C’est son monteur qui dit non. Ce film, La libération de Bergen-Belsen, dure 20 minutes et présente des travellings qui associent témoins et cadavres. Il y a là une proposition qui est faite : « Nous faisons avec ce que l’on a. » On travaille le document. Face à ce qui s’est passé, le seul geste cinématographique possible, se dit cette équipe-là, c’est une sorte d’objectivité du cinéma : une caméra enregistre mécaniquement ce qui se présente devant elle. C’est le point de départ.

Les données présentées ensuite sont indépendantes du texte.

(* Let $A_1,\dots,A_n,B$ be finite formulae (type expressions with no occurrence of $\mu$). If for every $\mathbf{LA}$-frame $(\mathcal W,\rhd,R)$, every hereditary valuation $\xi$ and every $p\in\mathcal W$, $\models^\xi_p A_i$ for all $i$ implies $\models^\xi_p B$, then $\{A_1,\dots,A_n\}\vdash B$ is derivable in $\mathbf{LA}$.
   Context: Finite formulae are generated by $A::=X\mid A\to A\mid\bullet A$ over a countably infinite set of propositional (type) variables. The formal system $\mathbf{LA}$ derives judgments $\Gamma\vdash A$ ($\Gamma$ a finite set of finite formulae; $\bullet\Gamma=\{\bullet C\mid C\in\Gamma\}$) by the rules: (assump) $\Gamma\cup\{A\}\vdash A$; (nec) from $\Gamma_1\vdash A$ infer $\bullet\Gamma_1\cup\Gamma_2\vdash\bullet A$; (4) from $\Gamma\vdash\bullet A$ infer $\Gamma\vdash\bullet\bullet A$; ($\to$I) from $\Gamma\cup\{A\}\vdash B$ infer $\Gamma\vdash A\to B$; ($\to$E) from $\Gamma_1\vdash A\to B$ and $\Gamma_2\vdash A$ infer $\Gamma_1\cup\Gamma_2\vdash B$; (W) from $\Gamma\vdash\bullet(\bullet A\to A)$ infer $\Gamma\vdash\bullet A$; (approx) from $\Gamma\vdash A$ infer $\Gamma\vdash\bullet A$; (L) from $\Gamma\vdash\bullet A\to\bullet B$ infer $\Gamma\vdash\bullet(A\to B)$. Kripke semantics: an $\mathbf{LA}$-frame is a triple $(\mathcal W,\rhd,R)$ with $\mathcal W$ nonempty, $\rhd$ a binary relation with no infinite chain $p_0\rhd p_1\rhd\cdots$, $R$ reflexive and transitive, such that: $pRq\rhd r$ implies $p\rhd r$; $p\rhd q$ implies $pRq$; and whenever $p\rhd q\,R\,q'$ there is $r$ with $pRr\rhd q'$ such that $r\rhd s$ implies $q'Rs$ for every $s$. A valuation $\xi$ assigns to each variable a map $\mathcal W\to\{\mathbf t,\mathbf f\}$; it is hereditary if $pRq$ and $\xi(X)(p)=\mathbf t$ imply $\xi(X)(q)=\mathbf t$. Forcing for finite formulae: $\models^\xi_p X$ iff $\xi(X)(p)=\mathbf t$; $\models^\xi_p\bullet A$ iff $\models^\xi_q A$ for all $q$ with $p\rhd q$; $\models^\xi_p A\to B$ iff for all $q$ with $pRq$, $\models^\xi_q A$ implies $\models^\xi_q B$. *)

theory Defs
  imports Main
begin

datatype form = Var nat | Imp form form | Later form

definition later_set :: "form set \<Rightarrow> form set" where
  "later_set \<Gamma> = Later ` \<Gamma>"

inductive LA :: "form set \<Rightarrow> form \<Rightarrow> bool" where
  assump: "finite \<Gamma> \<Longrightarrow> LA (\<Gamma> \<union> {A}) A"
| nec: "LA \<Gamma>1 A \<Longrightarrow> finite \<Gamma>2 \<Longrightarrow> LA (later_set \<Gamma>1 \<union> \<Gamma>2) (Later A)"
| four: "LA \<Gamma> (Later A) \<Longrightarrow> LA \<Gamma> (Later (Later A))"
| impI: "LA (\<Gamma> \<union> {A}) B \<Longrightarrow> LA \<Gamma> (Imp A B)"
| impE: "LA \<Gamma>1 (Imp A B) \<Longrightarrow> LA \<Gamma>2 A \<Longrightarrow> LA (\<Gamma>1 \<union> \<Gamma>2) B"
| W: "LA \<Gamma> (Later (Imp (Later A) A)) \<Longrightarrow> LA \<Gamma> (Later A)"
| approx: "LA \<Gamma> A \<Longrightarrow> LA \<Gamma> (Later A)"
| L: "LA \<Gamma> (Imp (Later A) (Later B)) \<Longrightarrow> LA \<Gamma> (Later (Imp A B))"

definition LA_frame :: "'w set \<Rightarrow> ('w \<Rightarrow> 'w \<Rightarrow> bool) \<Rightarrow> ('w \<Rightarrow> 'w \<Rightarrow> bool) \<Rightarrow> bool" where
  "LA_frame Wo T R \<longleftrightarrow>
     Wo \<noteq> {} \<and>
     (\<forall>p q. T p q \<longrightarrow> p \<in> Wo \<and> q \<in> Wo) \<and>
     (\<forall>p q. R p q \<longrightarrow> p \<in> Wo \<and> q \<in> Wo) \<and>
     \<not> (\<exists>f :: nat \<Rightarrow> 'w. \<forall>i. T (f i) (f (Suc i))) \<and>
     (\<forall>p\<in>Wo. R p p) \<and>
     (\<forall>p q r. R p q \<longrightarrow> R q r \<longrightarrow> R p r) \<and>
     (\<forall>p q r. R p q \<longrightarrow> T q r \<longrightarrow> T p r) \<and>
     (\<forall>p q. T p q \<longrightarrow> R p q) \<and>
     (\<forall>p q q'. T p q \<longrightarrow> R q q' \<longrightarrow>
        (\<exists>r. R p r \<and> T r q' \<and> (\<forall>s. T r s \<longrightarrow> R q' s)))"

definition hereditary :: "('w \<Rightarrow> 'w \<Rightarrow> bool) \<Rightarrow> (nat \<Rightarrow> 'w \<Rightarrow> bool) \<Rightarrow> bool" where
  "hereditary R \<xi> \<longleftrightarrow> (\<forall>X p q. R p q \<longrightarrow> \<xi> X p \<longrightarrow> \<xi> X q)"

fun forces :: "('w \<Rightarrow> 'w \<Rightarrow> bool) \<Rightarrow> ('w \<Rightarrow> 'w \<Rightarrow> bool) \<Rightarrow> (nat \<Rightarrow> 'w \<Rightarrow> bool) \<Rightarrow> 'w \<Rightarrow> form \<Rightarrow> bool" where
  "forces T R \<xi> p (Var X) \<longleftrightarrow> \<xi> X p"
| "forces T R \<xi> p (Later A) \<longleftrightarrow> (\<forall>q. T p q \<longrightarrow> forces T R \<xi> q A)"
| "forces T R \<xi> p (Imp A B) \<longleftrightarrow> (\<forall>q. R p q \<longrightarrow> forces T R \<xi> q A \<longrightarrow> forces T R \<xi> q B)"

end

theory Submission
  imports Defs "HOL-Library.Countable"
begin

(* Worlds are deductively closed sets of formulas (there is no disjunction, so
   they need not be prime), each carrying a natural-number level; v \<rhd> u means that unlater v \<subseteq> u
   and the level drops, v R u means that v \<subseteq> u and the level does not grow. For subformulas of
   the judgement, forcing coincides with membership: the \<rightarrow> case is the deduction theorem, and if
   \<bullet>A \<notin> v then rule (W) shows that A is not derivable from unlater v \<union> {\<bullet>A}, which yields a
   \<rhd>-successor refuting A. The remaining frame condition for p \<rhd> q R q' is witnessed by the theory
   generated by p \<union> \<bullet>q', whose unlater part stays inside q' by rule (L). Levels make \<rhd> converse
   well-founded, and since all witnesses arise from finitely many such constructions the model is
   countable and can be carried by nat. *)

section \<open>Derivability from sets of hypotheses\<close>

lemma LA_finite_context: "LA \<Gamma> A \<Longrightarrow> finite \<Gamma>"
  by (induction rule: LA.induct) (auto simp: later_set_def)

lemma LA_mono: "LA \<Gamma> A \<Longrightarrow> \<Gamma> \<subseteq> \<Delta> \<Longrightarrow> finite \<Delta> \<Longrightarrow> LA \<Delta> A"
proof (induction arbitrary: \<Delta> rule: LA.induct)
  case (assump \<Gamma> A)
  then show ?case using LA.assump[of \<Delta> A] by (simp add: insert_absorb)
next
  case (nec \<Gamma>1 A \<Gamma>2)
  then show ?case using LA.nec[of \<Gamma>1 A \<Delta>] by (simp add: Un_absorb1)
next
  case (impI \<Gamma> A B)
  then show ?case by (auto intro!: LA.impI)
next
  case (impE \<Gamma>1 A B \<Gamma>2)
  then show ?case using LA.impE[of \<Delta> A B \<Delta>] by simp
qed (auto intro: LA.intros)

definition derivable :: "form set \<Rightarrow> form \<Rightarrow> bool" (infix "\<turnstile>" 55) where
  "S \<turnstile> A \<longleftrightarrow> (\<exists>\<Gamma> \<subseteq> S. LA \<Gamma> A)"

lemma derivable_imp_LA: "S \<turnstile> A \<Longrightarrow> finite S \<Longrightarrow> LA S A"
  unfolding derivable_def using LA_mono by blast

lemma derivable_assm: "A \<in> S \<Longrightarrow> S \<turnstile> A"
  unfolding derivable_def using LA.assump[of "{}" A] by auto

lemma derivable_mono: "S \<turnstile> A \<Longrightarrow> S \<subseteq> S' \<Longrightarrow> S' \<turnstile> A"
  unfolding derivable_def by blast

lemma derivable_mp: "S \<turnstile> Imp A B \<Longrightarrow> S \<turnstile> A \<Longrightarrow> S \<turnstile> B"
proof -
  assume "S \<turnstile> Imp A B" "S \<turnstile> A"
  then obtain \<Gamma>1 \<Gamma>2 where "\<Gamma>1 \<subseteq> S" "LA \<Gamma>1 (Imp A B)" "\<Gamma>2 \<subseteq> S" "LA \<Gamma>2 A"
    unfolding derivable_def by blast
  then have "\<Gamma>1 \<union> \<Gamma>2 \<subseteq> S" "LA (\<Gamma>1 \<union> \<Gamma>2) B"
    by (auto intro: LA.impE)
  then show ?thesis
    unfolding derivable_def by blast
qed

lemma derivable_deduction: "insert A S \<turnstile> B \<Longrightarrow> S \<turnstile> Imp A B"
proof -
  assume "insert A S \<turnstile> B"
  then obtain \<Gamma> where "\<Gamma> \<subseteq> insert A S" "LA \<Gamma> B"
    unfolding derivable_def by blast
  moreover have "\<Gamma> \<subseteq> (\<Gamma> - {A}) \<union> {A}" "finite ((\<Gamma> - {A}) \<union> {A})"
    using LA_finite_context[OF \<open>LA \<Gamma> B\<close>] by auto
  ultimately have "LA ((\<Gamma> - {A}) \<union> {A}) B"
    using LA_mono by blast
  then have "LA (\<Gamma> - {A}) (Imp A B)"
    by (rule LA.impI)
  with \<open>\<Gamma> \<subseteq> insert A S\<close> show ?thesis
    unfolding derivable_def by blast
qed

Ces deux pôles : je travaille les images que j’ai, les images de l’après, qui ne montrent rien de la spécificité, ou j’en rajoute, je vais retourner les plans qui manquent ; ce vont être les questions qui agitent le cinéma depuis 1945 à propos de la représentation des camps d’extermination. Nous pourrions dire : Nuit et brouillard d’un côté. La liste de Schindler de l’autre. Ce n’est toutefois pas une distinction fiction/documentaire que nous devons opérer ici. C’est plus complexe.